■ **Your task**
All of the entries are to be printed exactly as they appear.

■ **Excerpted records**
definition L_eq :: "real \<Rightarrow> real \<Rightarrow> real \<Rightarrow> real \<Rightarrow> real \<Rightarrow> real \<Rightarrow> real \<Rightarrow> real \<Rightarrow> real" where
  "L_eq N m F \<alpha> w g \<tau> Lg =
     N * ((1 - \<tau>) * (m * Lg + \<alpha> * F) + (m * g + F) * m * N) / (\<alpha> + (N * m - \<alpha>) * \<tau>)"

definition q_eq :: "real \<Rightarrow> real \<Rightarrow> real \<Rightarrow> real \<Rightarrow> real \<Rightarrow> real \<Rightarrow> real \<Rightarrow> real \<Rightarrow> real" where
  "q_eq N m F \<alpha> w g \<tau> Lg =
     (let L = L_eq N m F \<alpha> w g \<tau> Lg in
      (1 - \<tau>) * (L + Lg - \<alpha> * g) / ((N * m + \<alpha> * (1 - \<tau>)) * (L + Lg)))"

definition p_eq :: "real \<Rightarrow> real \<Rightarrow> real \<Rightarrow> real \<Rightarrow> real \<Rightarrow> real \<Rightarrow> real \<Rightarrow> real \<Rightarrow> real" where
  "p_eq N m F \<alpha> w g \<tau> Lg =
     (let L = L_eq N m F \<alpha> w g \<tau> Lg in
      (L + Lg) / (L + Lg - \<alpha> * g) * (m * w + \<alpha> * (1 - \<tau>) * w / N))"

definition Pi_eq :: "real \<Rightarrow> real \<Rightarrow> real \<Rightarrow> real \<Rightarrow> real \<Rightarrow> real \<Rightarrow> real \<Rightarrow> real \<Rightarrow> real" where
  "Pi_eq N m F \<alpha> w g \<tau> Lg =
     ((L_eq N m F \<alpha> w g \<tau> Lg + Lg) * q_eq N m F \<alpha> w g \<tau> Lg + g)
       * (p_eq N m F \<alpha> w g \<tau> Lg - m * w) - F * w"

end

theory Submission
  imports Defs
begin

text \<open>Profit depends on \<open>(g, L\<^sub>g)\<close> only through \<open>g\<close> and total labour \<open>S = L + L\<^sub>g\<close>, and
  \<open>S\<close> is affine in both variables: with \<open>D\<close> the denominator of \<open>L\<close> and
  \<open>c = N m + \<alpha> (1 - \<tau>)\<close>, its slope is \<open>a = (N m)\<^sup>2 / D\<close> in \<open>g\<close> and \<open>b = c / D\<close> in \<open>L\<^sub>g\<close>.
  By the chain rule both partial derivatives of profit are values of one linear form in the
  velocity of \<open>(S, g)\<close>, at \<open>(a, 1)\<close> and \<open>(b, 0)\<close> respectively. Their difference is
  \<open>w (R + (c / N) ((S\<^sup>2 - (a - b) \<alpha> g\<^sup>2) / (S - \<alpha> g)\<^sup>2 - 1))\<close>, where \<open>R > 0\<close> is the
  difference at \<open>g = 0\<close>, and the second summand is nonnegative because \<open>S > a g\<close> and
  \<open>a > \<alpha>\<close>.\<close>

definition price_scale :: "real \<Rightarrow> real \<Rightarrow> real \<Rightarrow> real \<Rightarrow> real" where
  "price_scale N m \<alpha> \<tau> = N * m + \<alpha> * (1 - \<tau>)"

definition L_denom :: "real \<Rightarrow> real \<Rightarrow> real \<Rightarrow> real \<Rightarrow> real" where
  "L_denom N m \<alpha> \<tau> = \<alpha> + (N * m - \<alpha>) * \<tau>"

lemma price_scale_pos:
  assumes "0 < N" "0 < m" "0 \<le> \<alpha>" "\<tau> \<le> 1"
  shows "0 < price_scale N m \<alpha> \<tau>"
  using assms unfolding price_scale_def by (intro add_pos_nonneg) auto

lemma L_denom_convex_combination:
  "L_denom N m \<alpha> \<tau> = \<alpha> * (1 - \<tau>) + N * m * \<tau>"
  by (simp add: L_denom_def algebra_simps)

lemma L_denom_pos:
  assumes "0 < \<alpha>" "\<alpha> < N * m" "0 \<le> \<tau>" "\<tau> \<le> 1"
  shows "0 < L_denom N m \<alpha> \<tau>"
  using assms unfolding L_denom_convex_combination
  by (cases "\<tau> = 1") (auto intro: add_pos_nonneg)

lemma L_denom_less:
  assumes "\<alpha> < N * m" "\<tau> < 1"
  shows "L_denom N m \<alpha> \<tau> < N * m"
proof -
  have "\<alpha> * (1 - \<tau>) < N * m * (1 - \<tau>)" using assms by (intro mult_strict_right_mono) auto
  then show ?thesis
    using assms unfolding L_denom_convex_combination by (simp add: algebra_simps)
qed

■ **Answer space**
definition L_eq :: "real \<Rightarrow> real \<Rightarrow> real \<Rightarrow> real \<Rightarrow> real \<Rightarrow> real \<Rightarrow> real \<Rightarrow> real \<Rightarrow> real" where
  "L_eq N m F \<alpha> w g \<tau> Lg =
     N * ((1 - \<tau>) * (m * Lg + \<alpha> * F) + (m * g + F) * m * N) / (\<alpha> + (N * m - \<alpha>) * \<tau>)"

definition q_eq :: "real \<Rightarrow> real \<Rightarrow> real \<Rightarrow> real \<Rightarrow> real \<Rightarrow> real \<Rightarrow> real \<Rightarrow> real \<Rightarrow> real" where
  "q_eq N m F \<alpha> w g \<tau> Lg =
     (let L = L_eq N m F \<alpha> w g \<tau> Lg in
      (1 - \<tau>) * (L + Lg - \<alpha> * g) / ((N * m + \<alpha> * (1 - \<tau>)) * (L + Lg)))"

definition p_eq :: "real \<Rightarrow> real \<Rightarrow> real \<Rightarrow> real \<Rightarrow> real \<Rightarrow> real \<Rightarrow> real \<Rightarrow> real \<Rightarrow> real" where
  "p_eq N m F \<alpha> w g \<tau> Lg =
     (let L = L_eq N m F \<alpha> w g \<tau> Lg in
      (L + Lg) / (L + Lg - \<alpha> * g) * (m * w + \<alpha> * (1 - \<tau>) * w / N))"

definition Pi_eq :: "real \<Rightarrow> real \<Rightarrow> real \<Rightarrow> real \<Rightarrow> real \<Rightarrow> real \<Rightarrow> real \<Rightarrow> real \<Rightarrow> real" where
  "Pi_eq N m F \<alpha> w g \<tau> Lg =
     ((L_eq N m F \<alpha> w g \<tau> Lg + Lg) * q_eq N m F \<alpha> w g \<tau> Lg + g)
       * (p_eq N m F \<alpha> w g \<tau> Lg - m * w) - F * w"

end

theory Submission
  imports Defs
begin

text \<open>Profit depends on \<open>(g, L\<^sub>g)\<close> only through \<open>g\<close> and total labour \<open>S = L + L\<^sub>g\<close>, and
  \<open>S\<close> is affine in both variables: with \<open>D\<close> the denominator of \<open>L\<close> and
  \<open>c = N m + \<alpha> (1 - \<tau>)\<close>, its slope is \<open>a = (N m)\<^sup>2 / D\<close> in \<open>g\<close> and \<open>b = c / D\<close> in \<open>L\<^sub>g\<close>.
  By the chain rule both partial derivatives of profit are values of one linear form in the
  velocity of \<open>(S, g)\<close>, at \<open>(a, 1)\<close> and \<open>(b, 0)\<close> respectively. Their difference is
  \<open>w (R + (c / N) ((S\<^sup>2 - (a - b) \<alpha> g\<^sup>2) / (S - \<alpha> g)\<^sup>2 - 1))\<close>, where \<open>R > 0\<close> is the
  difference at \<open>g = 0\<close>, and the second summand is nonnegative because \<open>S > a g\<close> and
  \<open>a > \<alpha>\<close>.\<close>

definition price_scale :: "real \<Rightarrow> real \<Rightarrow> real \<Rightarrow> real \<Rightarrow> real" where
  "price_scale N m \<alpha> \<tau> = N * m + \<alpha> * (1 - \<tau>)"

definition L_denom :: "real \<Rightarrow> real \<Rightarrow> real \<Rightarrow> real \<Rightarrow> real" where
  "L_denom N m \<alpha> \<tau> = \<alpha> + (N * m - \<alpha>) * \<tau>"

lemma price_scale_pos:
  assumes "0 < N" "0 < m" "0 \<le> \<alpha>" "\<tau> \<le> 1"
  shows "0 < price_scale N m \<alpha> \<tau>"
  using assms unfolding price_scale_def by (intro add_pos_nonneg) auto

lemma L_denom_convex_combination:
  "L_denom N m \<alpha> \<tau> = \<alpha> * (1 - \<tau>) + N * m * \<tau>"
  by (simp add: L_denom_def algebra_simps)

lemma L_denom_pos:
  assumes "0 < \<alpha>" "\<alpha> < N * m" "0 \<le> \<tau>" "\<tau> \<le> 1"
  shows "0 < L_denom N m \<alpha> \<tau>"
  using assms unfolding L_denom_convex_combination
  by (cases "\<tau> = 1") (auto intro: add_pos_nonneg)

lemma L_denom_less:
  assumes "\<alpha> < N * m" "\<tau> < 1"
  shows "L_denom N m \<alpha> \<tau> < N * m"
proof -
  have "\<alpha> * (1 - \<tau>) < N * m * (1 - \<tau>)" using assms by (intro mult_strict_right_mono) auto
  then show ?thesis
    using assms unfolding L_denom_convex_combination by (simp add: algebra_simps)
qed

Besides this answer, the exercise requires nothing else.